We have a grid of values - and within each grid cell is some information.
Two pieces of information in each cell:
1. velocity and
2. die color.
As you'll notice from the figure below - the key pieces of information are the die (color) and the velocity which is reponsible for moving the die/color around. You could do a simple simultion with just these two values - but you'll notice it doesn't look realistic (just looks like it fades and scrolls - it lacks that swirling and mixing that you'd see when you look at a liquid in a glass).
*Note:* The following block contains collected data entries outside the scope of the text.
text \<open>Both indices are scales, of \<open>\<kappa> \<phi> \<kappa>\<inverse>\<close> and of its inverse, and the scale is invariant under
  conjugation.\<close>
lemma cos_mdist_conj_aut_flat:
  assumes K: "subgroup K \<H>" and U: "U \<in> COS G T"
    and tidy: "\<forall>\<phi>\<in>K. idx G (\<phi> ` U) (\<phi> ` U \<inter> U) = scale G T \<phi>"
    and \<phi>: "\<phi> \<in> K" and \<kappa>: "\<kappa> \<in> K"
  shows "cos_mdist G (conj_aut \<kappa> \<phi> ` U) U = scale G T \<phi> * scale G T (inv\<^bsub>\<H>\<^esub> \<phi>)"
proof -
  have K_H: "K \<subseteq> H" using subgroup.subset[OF K] by (simp add: carrier_\<H>)
  have closed: "conj_aut \<kappa> \<phi> \<in> K" "conj_aut \<kappa> (inv\<^bsub>\<H>\<^esub> \<phi>) \<in> K"
    using K \<phi> \<kappa> by (simp_all add: subgroup.m_closed subgroup.m_inv_closed)
  have H: "\<kappa> \<in> H" "\<phi> \<in> H" "conj_aut \<kappa> \<phi> \<in> H" using K_H \<phi> \<kappa> closed by auto
  have U_carr: "U \<subseteq> carrier G" using COS_subset_carrier[OF U] .
  let ?\<theta> = "conj_aut \<kappa> \<phi>"
  have "idx G U (U \<inter> ?\<theta> ` U)
          = idx G ((inv\<^bsub>\<H>\<^esub> ?\<theta>) ` U) ((inv\<^bsub>\<H>\<^esub> ?\<theta>) ` U \<inter> (inv\<^bsub>\<H>\<^esub> ?\<theta>) ` ?\<theta> ` U)"
    using idx_image[OF \<H>_inv_closed[OF H(3)] U_carr aut_image_subset[OF H(3) U_carr]] by simp
  also have "\<dots> = idx G (conj_aut \<kappa> (inv\<^bsub>\<H>\<^esub> \<phi>) ` U) (conj_aut \<kappa> (inv\<^bsub>\<H>\<^esub> \<phi>) ` U \<inter> U)"
    using image_\<H>_inv_image[OF H(3) U_carr] conj_aut_inv[OF H(1,2)] by simp
  also have "\<dots> = scale G T (inv\<^bsub>\<H>\<^esub> \<phi>)"
    using tidy closed(2) scale_conj_aut[OF H(1) \<H>_inv_closed[OF H(2)]] by simp
  finally show ?thesis
    using tidy closed(1) scale_conj_aut[OF H(1,2)] by (simp add: cos_mdist_def Int_commute)
qed

lemma flat_finite_index_subset_FCd:
  assumes K: "subgroup K \<H>" and "flat G T K" and "finite_index \<H> K"
  shows "K \<subseteq> FCd G T H"
proof
  obtain U where U: "U \<in> COS G T"
    and tidy: "\<forall>\<phi>\<in>K. idx G (\<phi> ` U) (\<phi> ` U \<inter> U) = scale G T \<phi>"
    using \<open>flat G T K\<close> unfolding flat_def by blast
  have fin: "finite (rcosets\<^bsub>\<H>\<^esub> K)" using \<open>finite_index \<H> K\<close> by (simp add: finite_index_def)
  fix \<phi> assume \<phi>: "\<phi> \<in> K"
  have K_H: "K \<subseteq> H" using subgroup.subset[OF K] by (simp add: carrier_\<H>)
  have "\<forall>C \<in> rcosets\<^bsub>\<H>\<^esub> K. \<exists>h. h \<in> H \<and> C = K #>\<^bsub>\<H>\<^esub> h"
    by (auto simp: RCOSETS_def carrier_\<H>)
  then obtain rep where rep: "\<And>C. C \<in> rcosets\<^bsub>\<H>\<^esub> K \<Longrightarrow> rep C \<in> H \<and> C = K #>\<^bsub>\<H>\<^esub> rep C"
    by metis
  define c where "c = scale G T \<phi> * scale G T (inv\<^bsub>\<H>\<^esub> \<phi>)"
  define R where "R = (\<Sum>C\<in>rcosets\<^bsub>\<H>\<^esub> K. cos_mdist G (rep C ` U) U ^ 2 * c)"
  have "cos_mdist G (conj_aut \<psi> \<phi> ` U) U \<le> R" if \<psi>: "\<psi> \<in> H" for \<psi>
  proof -
    let ?C = "K #>\<^bsub>\<H>\<^esub> inv\<^bsub>\<H>\<^esub> \<psi>"
    have C: "?C \<in> rcosets\<^bsub>\<H>\<^esub> K"
      using \<H>_inv_closed[OF \<psi>] by (auto simp: RCOSETS_def carrier_\<H>)
    define h where "h = rep ?C"
    have h: "h \<in> H" and C_eq: "?C = K #>\<^bsub>\<H>\<^esub> h" using rep[OF C] by (simp_all add: h_def)
    have "inv\<^bsub>\<H>\<^esub> \<psi> \<in> K #>\<^bsub>\<H>\<^esub> h"
      using \<H>.rcos_self[OF _ K] \<H>_inv_closed[OF \<psi>] C_eq by (fastforce simp: carrier_\<H>)
    then obtain \<kappa> where \<kappa>: "\<kappa> \<in> K" and \<psi>_inv: "inv\<^bsub>\<H>\<^esub> \<psi> = \<kappa> \<otimes>\<^bsub>\<H>\<^esub> h"
      by (auto simp: r_coset_def)
    have H: "\<kappa> \<in> H" "inv\<^bsub>\<H>\<^esub> \<kappa> \<in> H" "inv\<^bsub>\<H>\<^esub> h \<in> H" "\<phi> \<in> H"
      using \<kappa> K_H \<phi> h \<H>_inv_closed by auto
    have "\<psi> = inv\<^bsub>\<H>\<^esub> (inv\<^bsub>\<H>\<^esub> \<psi>)" using \<psi> by (simp add: carrier_\<H>)
    also have "\<dots> = inv\<^bsub>\<H>\<^esub> h \<otimes>\<^bsub>\<H>\<^esub> inv\<^bsub>\<H>\<^esub> \<kappa>"
      using \<psi>_inv H(1) h by (simp add: \<H>.inv_mult_group carrier_\<H>)
    finally have conj_eq: "conj_aut \<psi> \<phi> = conj_aut (inv\<^bsub>\<H>\<^esub> h) (conj_aut (inv\<^bsub>\<H>\<^esub> \<kappa>) \<phi>)"
      using conj_aut_conj_aut[OF H(3,2,4)] by simp
    have "inv\<^bsub>\<H>\<^esub> \<kappa> \<in> K" using K \<kappa> by (simp add: subgroup.m_inv_closed)
    then have "cos_mdist G (conj_aut (inv\<^bsub>\<H>\<^esub> \<kappa>) \<phi> ` U) U = c"
      using cos_mdist_conj_aut_flat[OF K U tidy \<phi>] by (simp add: c_def)
    then have "cos_mdist G (conj_aut \<psi> \<phi> ` U) U \<le> cos_mdist G (h ` U) U ^ 2 * c"
      using conj_eq cos_mdist_conj_aut_le[OF H(3) conj_aut_closed[OF H(2,4)] U]
        cos_mdist_\<H>_inv[OF h U] by simp
    also have "\<dots> \<le> R"
      unfolding R_def h_def using C fin by (intro member_le_sum) auto
    finally show ?thesis .
  qed
  then show "\<phi> \<in> FCd G T H" unfolding FCd_iff[OF U] using \<phi> K_H by blast
qed

end

theorem lemma3:
  fixes G :: "('a, 'b) monoid_scheme" and T :: "'a topology" and H :: "('a \<Rightarrow> 'a) set"
  assumes "tdlc_group G T"
    and "H \<subseteq> top_aut G T"
    and "subgroup H (BijGroup (carrier G))"
    and "virtually_flat G T H"
  shows "FCd G T H \<lhd> aut_grp G H
    \<and> (\<forall>K. subgroup K (aut_grp G H) \<and> flat G T K \<and> finite_index (aut_grp G H) K
           \<longrightarrow> K \<subseteq> FCd G T H)
    \<and> finite_index (aut_grp G H) (FCd G T H)"
proof -
  have "group G" "topspace T = carrier G"
    "continuous_map (prod_topology T T) T (\<lambda>(x, y). x \<otimes>\<^bsub>G\<^esub> y)"
    using assms(1) by (simp_all add: tdlc_group_def)
  then interpret aut_subgroup G T H
    using assms(2,3) by (simp add: aut_subgroup_def aut_subgroup_axioms_def
        topological_group_def topological_group_axioms_def)
  obtain K where K: "subgroup K \<H>" "flat G T K" "finite_index \<H> K"
    using assms(4) unfolding virtually_flat_def by blast
  then obtain U where "U \<in> COS G T" unfolding flat_def by blast
  then have normal: "FCd G T H \<lhd> \<H>" by (rule FCd_normal)
  have "K \<subseteq> FCd G T H" using flat_finite_index_subset_FCd K .
  then have "finite_index \<H> (FCd G T H)"
    using \<H>.finite_rcosets_mono[OF K(1) normal_imp_subgroup[OF normal]] K(3)
    unfolding finite_index_def by blast
  then show ?thesis using normal flat_finite_index_subset_FCd by blast
qed

end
Example of the program running - showing the interactive nature - start with a die in the pattern of some text.
Velocity Field
For any given point in the grid, we can access the velocity at that point using the x, y coordinate, this velocity value tells us the velocity of the fluid at that point.
Easiest way to think of the belocity field is the direction that things are moving, so if you have:
For instance, if every cell has a velocity
u(x,y)=(1,0)
- then it will appear to scroll to the right.
Advection - is when we use this velocity to move things about! If you’ve got some black dye in some water, and the water is moving to the right, then surprise surprise, the black dye moves right.
Of course, you can have very complex swirly velocities representing more complex currents - so the dye swirls and mixes in a more complex manner.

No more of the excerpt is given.